* Requirement
Only lines holding "definition" are wanted; copy each of them from the records below.

* Records to process
lemma frob_graded_ann:
  assumes "\<And>n. d n \<subseteq> d (Suc n)" "g \<in> graded_ann M d"
  shows "frob M g \<in> graded_ann M d"
proof -
  have "smult M s ((frob M ^^ n) (frob M g)) = zero M" if "s \<in> d n" for s n
  proof -
    have "s \<in> d (Suc n)"
      using assms(1) that by blast
    then have "smult M s ((frob M ^^ Suc n) g) = zero M"
      using assms(2) unfolding graded_ann_def by blast
    then show ?thesis
      by (simp add: funpow_swap1)
  qed
  then show ?thesis
    using assms(2) unfolding graded_ann_def by (auto simp: frob_closed)
qed

end

section \<open>\<open>x\<close>-torsion-free modules\<close>

locale torsion_free_frobenius_module = frobenius_module +
  assumes x_torsion_free: "x_torsion_free M" and two_le_p: "2 \<le> p"
begin

lemma eq_zero_of_frob_pow_eq_zero:
  "g \<in> carrier M \<Longrightarrow> (frob M ^^ e) g = zero M \<Longrightarrow> g = zero M"
proof (induction e arbitrary: g)
  case (Suc e)
  then have "frob M g = zero M"
    by (simp add: funpow_swap1 frob_closed)
  then show ?case
    using x_torsion_free Suc.prems(1) unfolding x_torsion_free_def by blast
qed simp

lemma smult_eq_zero_of_power:
  assumes g: "g \<in> carrier M" and killed: "smult M (t ^ q) ((frob M ^^ (e + n)) g) = zero M"
    and "q \<le> p ^ e"
  shows "smult M t ((frob M ^^ n) g) = zero M"
proof -
  have "(frob M ^^ e) (smult M t ((frob M ^^ n) g)) = smult M (t ^ p ^ e) ((frob M ^^ (e + n)) g)"
    using g by (simp add: frob_pow_smult frob_pow_closed funpow_add)
  also have "t ^ p ^ e = t ^ (p ^ e - q) * t ^ q"
    using \<open>q \<le> p ^ e\<close> by (simp flip: power_add)
  also have "smult M (t ^ (p ^ e - q) * t ^ q) ((frob M ^^ (e + n)) g) = zero M"
    using g killed by (simp flip: smult_smult add: frob_pow_closed smult_zero_right)
  finally show ?thesis
    using eq_zero_of_frob_pow_eq_zero g by (simp add: smult_closed frob_pow_closed)
qed

lemma smult_eq_zero_of_frob_shift:
  assumes g: "g \<in> carrier M"
    and "smult M t ((frob M ^^ m) (smult M t ((frob M ^^ Suc n) g))) = zero M"
  shows "smult M t ((frob M ^^ n) g) = zero M"
proof (rule smult_eq_zero_of_power[OF g])
  have "smult M (t * t ^ p ^ m) ((frob M ^^ (m + Suc n)) g) = zero M"
    using assms(2) by (simp only: smult_frob_pow_smult[OF g])
  then show "smult M (t ^ (p ^ m + 1)) ((frob M ^^ (Suc m + n)) g) = zero M"
    by simp
  have "p ^ m + 1 \<le> 2 * p ^ m"
    using two_le_p by simp
  also have "\<dots> \<le> p ^ Suc m"
    using two_le_p by simp
  finally show "p ^ m + 1 \<le> p ^ Suc m" .
qed

lemma graded_ann_const_subset:
  assumes "\<And>t. t \<in> J \<Longrightarrow> t * t \<in> I"
  shows "graded_ann M (\<lambda>_. I) \<subseteq> graded_ann M (\<lambda>_. J)"
proof
  fix g assume g: "g \<in> graded_ann M (\<lambda>_. I)"
  have "smult M t ((frob M ^^ n) g) = zero M" if "t \<in> J" for t n
  proof (rule smult_eq_zero_of_frob_shift[where m = 0])
    show g_carrier: "g \<in> carrier M"
      using g graded_ann_subset_carrier by blast
    have "smult M (t * t) ((frob M ^^ Suc n) g) = zero M"
      using g assms[OF that] unfolding graded_ann_def by blast
    then show "smult M t ((frob M ^^ 0) (smult M t ((frob M ^^ Suc n) g))) = zero M"
      using g_carrier by (simp add: smult_smult frob_pow_closed frob_closed)
  qed
  then show "g \<in> graded_ann M (\<lambda>_. J)"
    using g unfolding graded_ann_def by blast
qed

lemma ann_ext_ideal_prod:
  assumes "is_ideal A" "is_ideal C"
  shows "ann M (ext_ideal (ideal_prod A C)) = ann M (ext_ideal (A \<inter> C))"
proof -
  have "graded_ann M (\<lambda>_. ideal_prod A C) = graded_ann M (\<lambda>_. A \<inter> C)"
    using graded_ann_const_subset[of "A \<inter> C" "ideal_prod A C"]
      graded_ann_antimono[of "\<lambda>_. ideal_prod A C" "\<lambda>_. A \<inter> C"]
      ideal_prod_subset_Int[OF assms] mult_mem_ideal_prod by blast
  then show ?thesis
    using assms by (simp add: ann_ext_ideal zero_mem_ideal_prod is_ideal_zero)
qed

end

section \<open>Quotient modules\<close>

definition graded_ann_mod ::
    "('r::comm_ring_1, 'm) skew_mod \<Rightarrow> 'm set \<Rightarrow> (nat \<Rightarrow> 'r set) \<Rightarrow> 'm set" where
  "graded_ann_mod M L d = {g \<in> carrier M. \<forall>n. \<forall>s\<in>d n. smult M s ((frob M ^^ n) g) \<in> L}"

lemma quot_sub_mono: "X \<subseteq> Y \<Longrightarrow> quot_sub M L X \<subseteq> quot_sub M L Y"
  unfolding quot_sub_def by blast

locale frobenius_quotient = frobenius_module p M
  for p and M :: "('r::comm_ring_1, 'm) skew_mod" +
  fixes L :: "'m set"
  assumes r_submodule_L: "r_submodule M L"
    and frob_mem_L: "\<And>g. g \<in> L \<Longrightarrow> frob M g \<in> L"
begin

lemma L_subset_carrier: "L \<subseteq> carrier M"
  using r_submodule_L unfolding r_submodule_def by blast

lemma zero_mem_L: "zero M \<in> L"
  using r_submodule_L unfolding r_submodule_def by blast

lemma add_mem_L: "g \<in> L \<Longrightarrow> h \<in> L \<Longrightarrow> add M g h \<in> L"
  using r_submodule_L unfolding r_submodule_def by blast
(* Let $c$ and $n$ be odd positive integers with $n>c>\frac{n}{2}$, and let $K$ be the set partition of $S_c$ whose only part with more than one element is the set of cyclic shifts of the identity of $S_c$. Then $$|{}^nH_n^{even}|-|{}^nH_n^{odd}| = |{}^nN_n^{odd}|-|{}^nN_n^{even}|.$$
   Context: Permutations are written in one-line notation. The order permutation (standardization) of a word $u$ of distinct positive integers of length $\ell$ is the unique $\pi\in S_\ell$ with $\pi_i<\pi_j$ iff $u_i<u_j$. A hit in a permutation is a contiguous subword of length $c$ whose order permutation is a cyclic shift of $12\cdots c$ (one of $12\cdots c,\ 23\cdots c1,\ldots,c12\cdots(c-1)$); a hit "starts at" the position of its first letter. A non-avoider is a permutation with at least one hit. A hit-hugger in $S_n$ is a permutation with exactly two hits, one starting at position $1$ and one starting at position $n-c+1$. $N_n$ and $H_n$ denote the sets of non-avoiders and hit-huggers in $S_n$; a superscript "even"/"odd" on the right restricts to permutations of that sign, and a superscript $n$ on the left restricts to permutations whose last letter is $n$. *)

theory Defs
  imports "HOL-Combinatorics.Permutations"
begin

definition is_order_perm :: "nat \<Rightarrow> (nat \<Rightarrow> nat) \<Rightarrow> (nat \<Rightarrow> nat) \<Rightarrow> bool" where
  "is_order_perm l u pi \<longleftrightarrow>
     (\<forall>j<l. pi j \<in> {1..l}) \<and> inj_on pi {..<l} \<and>
     (\<forall>j<l. \<forall>k<l. pi j < pi k \<longleftrightarrow> u j < u k)"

* Answer
definition graded_ann_mod ::
definition is_order_perm :: "nat \<Rightarrow> (nat \<Rightarrow> nat) \<Rightarrow> (nat \<Rightarrow> nat) \<Rightarrow> bool" where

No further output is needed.